En esa sentencia también se especificará quién ejercerá la tutela o la curatela, según el caso, del enfermo. La prioridad será designar siempre a aquella persona indicada por el propio sujeto incapacitado mediante documento legal o testamento, aunque esta puede negarse. En estos casos, puede asignarse dichas funciones a cualquier otro familiar emancipado de primer grado o asignar un defensor legal judicial. 

El procedimiento de incapacidad civil cuando es iniciado por el Ministerio Fiscal

En el caso de que el enfermo carezca de ascendientes, descendientes y hermanos, o de que estos no estén en situación de llevar a cabo el trámite, cualquier persona puede poner en conocimiento del Ministerio Fiscal su presunta situación de incapacidad para que sea el que dé inicio al procedimiento. Estamos hablando, por ejemplo, de los responsables de la residencia de ancianos o del centro psiquiátrico en el que esté ingresado el sujeto. 

En este tipo de casos, el Ministerio Fiscal designa a una persona física o jurídica para que defienda al enfermo, mediante abogado y procurador, durante el procedimiento de incapacidad civil. El resto del proceso es exactamente igual que el descrito en el caso anterior. 

¿Es reversible la situación de incapacidad civil?

La respuesta es que sí. Para dejar sin efecto la sentencia de incapacidad emitida por el juez, es necesario que el propio incapaz o sus familiares certifiquen que el enfermo ha recobrado la normalidad y la capacidad de regir su propia vida y de administrar su patrimonio. No es frecuente que esto se produzca, pero la legislación vigente contempla la posibilidad de que así sea. 

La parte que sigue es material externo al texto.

(* Let $G$ be a connected simple graph with $v$ vertices and $|E|$ edges, and let $p_1=|E|-v+1$. Then $H^{1,v-1}_{\mathcal A_2}(G)\cong\mathbb Z^{p_1}$ if $G$ is bipartite, and $H^{1,v-1}_{\mathcal A_2}(G)\cong\mathbb Z^{p_1-1}\oplus\mathbb Z_2$ if $G$ has an odd cycle.
   Context: $\mathcal A_2=\mathbb Z[x]/(x^2)$. For a finite graph $G$ with a fixed total order on its edge set $E(G)$ and $s\subseteq E(G)$, $[G:s]$ is the spanning subgraph with edge set $s$. An enhanced state is a pair $(s,c)$ where $c$ assigns to each component $C$ of $[G:s]$ an exponent $c(C)\in\{0,1\}$ (weight $x^{c(C)}$); its bidegree is $(|s|,\sum_C c(C))$. $C^{i,j}_{\mathcal A_2}(G)$ is the free abelian group on enhanced states of bidegree $(i,j)$, with differential $d=\sum_{e\notin s}(-1)^{|\{f\in s:f<e\}|}d_e$, where $d_e(s,c)$ is the enhanced state on $s\cup\{e\}$ obtained, if $e$ joins distinct components $C_1,C_2$, by giving the merged component weight $x^{c(C_1)}x^{c(C_2)}\in\mathcal A_2$ (zero if the exponent sum is $\ge2$), other weights unchanged, and, if both endpoints of $e$ lie in one component, by keeping all weights. $H^{i,j}_{\mathcal A_2}(G)$ is its cohomology. *)

theory Defs
  imports "HOL-Algebra.Algebra"
begin

text \<open>A finite simple graph is given by a finite vertex set V and a duplicate-free list es
of edges (two-element subsets of V); the position of an edge in the list is its index and
the total order on E(G) is the order of indices. Spanning subgraphs [G:s] are given by
sets s of edge indices.\<close>

definition simple_graph :: "'v set \<Rightarrow> 'v set list \<Rightarrow> bool" where
  "simple_graph V es \<longleftrightarrow> finite V \<and> distinct es \<and> (\<forall>e\<in>set es. e \<subseteq> V \<and> card e = 2)"
section \<open>The context closure with counted leaves\<close>

text \<open>\<open>ctx_cl P k a b\<close>: a and b agree up to k leaves, each a pair in P. Forgetting k gives
  tilde_raw P; the count is the measure of the inner induction in the CIU argument.\<close>

inductive ctx_cl :: "(trm \<times> trm) set \<Rightarrow> nat \<Rightarrow> trm \<Rightarrow> trm \<Rightarrow> bool" for P where
  leaf: "(a, b) \<in> P \<Longrightarrow> ctx_cl P (Suc 0) a b"
| Var: "ctx_cl P 0 (Var i) (Var i)"
| Lam: "ctx_cl P k a b \<Longrightarrow> ctx_cl P k (Lam a) (Lam b)"
| App: "ctx_cl P k a b \<Longrightarrow> ctx_cl P m c d \<Longrightarrow> ctx_cl P (k + m) (App a c) (App b d)"
| Shift: "ctx_cl P k a b \<Longrightarrow> ctx_cl P k (Shift a) (Shift b)"
| Reset: "ctx_cl P k a b \<Longrightarrow> ctx_cl P k (Reset a) (Reset b)"

inductive ectx_cl :: "(trm \<times> trm) set \<Rightarrow> nat \<Rightarrow> ectx \<Rightarrow> ectx \<Rightarrow> bool" for P where
  EHole: "ectx_cl P 0 EHole EHole"
| EAppR: "ctx_cl P k v w \<Longrightarrow> is_val v \<Longrightarrow> is_val w \<Longrightarrow> ectx_cl P m F G \<Longrightarrow>
    ectx_cl P (k + m) (EAppR v F) (EAppR w G)"
| EAppL: "ectx_cl P m F G \<Longrightarrow> ctx_cl P k u w \<Longrightarrow> ectx_cl P (m + k) (EAppL F u) (EAppL G w)"
| EReset: "ectx_cl P m F G \<Longrightarrow> ectx_cl P m (EReset F) (EReset G)"

inductive_cases ctx_cl_AppE [consumes 1, case_names leaf App]: "ctx_cl P k (App a b) y"
inductive_cases ctx_cl_LamE [consumes 1, case_names leaf Lam]: "ctx_cl P k (Lam a) y"
inductive_cases ctx_cl_ResetE [consumes 1, case_names leaf Reset]: "ctx_cl P k (Reset a) y"
inductive_cases ctx_cl_ShiftE [consumes 1, case_names leaf Shift]: "ctx_cl P k (Shift a) y"

definition closed_rel :: "(trm \<times> trm) set \<Rightarrow> bool" where
  "closed_rel P = (\<forall>(a, b) \<in> P. closed a \<and> closed b)"

lemma ctx_cl_refl: "ctx_cl P 0 a a"
proof (induction a)
  case (App a1 a2) then show ?case using ctx_cl.App[of P 0 a1 a1 0 a2 a2] by simp
qed (auto intro: ctx_cl.intros)

lemma ectx_cl_refl: "evctx G \<Longrightarrow> ectx_cl P 0 G G"
proof (induction G)
  case (EAppR v F) then show ?case using ectx_cl.EAppR[of P 0 v v 0 F F] ctx_cl_refl by auto
next
  case (EAppL F u) then show ?case using ectx_cl.EAppL[of P 0 F F 0 u u] ctx_cl_refl by auto
qed (auto intro: ectx_cl.intros)

lemma ctx_cl_Lam_cases: "ctx_cl P k (Lam b) d \<Longrightarrow> is_val d \<or> ((Lam b, d) \<in> P \<and> k = Suc 0)"
  by (erule ctx_cl_LamE) (auto simp: is_val_def)

lemma ctx_cl_lift: "ctx_cl P k a b \<Longrightarrow> closed_rel P \<Longrightarrow> ctx_cl P k (lift i a) (lift i b)"
proof (induction arbitrary: i rule: ctx_cl.induct)
  case (leaf a b)
  then have "closed_at 0 a" "closed_at 0 b" by (auto simp: closed_rel_def closed_def)
  then show ?case using leaf lift_closed_at[of 0 _ i] by (auto intro: ctx_cl.leaf)
qed (auto intro: ctx_cl.intros)

lemma ctx_cl_subst:
  "ctx_cl P k a b \<Longrightarrow> ctx_cl P m c d \<Longrightarrow> closed_rel P \<Longrightarrow> \<exists>j. ctx_cl P j (subst i c a) (subst i d b)"
proof (induction arbitrary: i c d m rule: ctx_cl.induct)
  case (leaf a b)
  then have "closed_at 0 a" "closed_at 0 b" by (auto simp: closed_rel_def closed_def)
  then show ?case using leaf subst_closed_at[of 0 _ i] by (auto intro: ctx_cl.leaf)
next
  case (Lam k a b)
  then show ?case by (metis ctx_cl.Lam ctx_cl_lift subst.simps(2))
next
  case (App k a b m' c' d')
  then show ?case by (metis ctx_cl.App subst.simps(3))
next
  case (Shift k a b)
  then show ?case by (metis ctx_cl.Shift ctx_cl_lift subst.simps(4))
next
  case (Reset k a b)
  then show ?case by (metis ctx_cl.Reset subst.simps(5))
qed (auto intro: ctx_cl.intros)

lemma ctx_cl_efill:
  "ectx_cl P k F G \<Longrightarrow> ctx_cl P m a b \<Longrightarrow> ctx_cl P (k + m) (efill F a) (efill G b)"
proof (induction arbitrary: m a b rule: ectx_cl.induct)
  case (EAppR k v w m' F G)
  then show ?case using ctx_cl.App[of P k v w "m' + m"] by (simp add: add.assoc)
next
  case (EAppL m' F G k u w)
  then have "ctx_cl P (m' + m + k) (App (efill F a) u) (App (efill G b) w)"
    by (blast intro: ctx_cl.App)
  then show ?case by (simp add: add_ac)
qed (auto intro: ctx_cl.intros)

lemma ectx_cl_evctx: "ectx_cl P k F G \<Longrightarrow> evctx F \<and> evctx G"
  by (induction rule: ectx_cl.induct) auto

lemma ectx_cl_ecomp:
  "ectx_cl P k G0 G1 \<Longrightarrow> ectx_cl P m F0 F1 \<Longrightarrow> ectx_cl P (k + m) (ecomp G0 F0) (ecomp G1 F1)"
proof (induction rule: ectx_cl.induct)
  case (EAppR k v w m' F G)
  then show ?case using ectx_cl.EAppR[of P k v w "m' + m"] by (simp add: add.assoc)
next
  case (EAppL m' F G k u w)
  then show ?case using ectx_cl.EAppL[of P "m' + m" _ _ k u w] by (simp add: add_ac)
qed (auto intro: ectx_cl.intros)

lemma ectx_cl_elift: "ectx_cl P k F G \<Longrightarrow> closed_rel P \<Longrightarrow> ectx_cl P k (elift i F) (elift i G)"
  by (induction rule: ectx_cl.induct)
    (auto intro!: ectx_cl.intros ctx_cl_lift simp: is_val_def)

lemma ctx_cl_cont: "ectx_cl P k E E1 \<Longrightarrow> closed_rel P \<Longrightarrow> ctx_cl P k (cont E) (cont E1)"
  using ctx_cl_efill[OF ectx_cl_elift ctx_cl.Var, of P k E E1 0 0]
  by (auto intro: ctx_cl.Lam ctx_cl.Reset)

En definitiva, la incapacidad legal, a pesar de resultar un concepto complejo, es un proceso sencillo en términos judiciales pero que requiere de la presentación de un gran número de pruebas y que requiere su tiempo. Por este motivo, contar con los servicios de un abogado especializado en Derecho Civil que se encargue del asesoramiento y, junto al procurador, de asegurar que el procedimiento llegue a buen puerto es fundamental.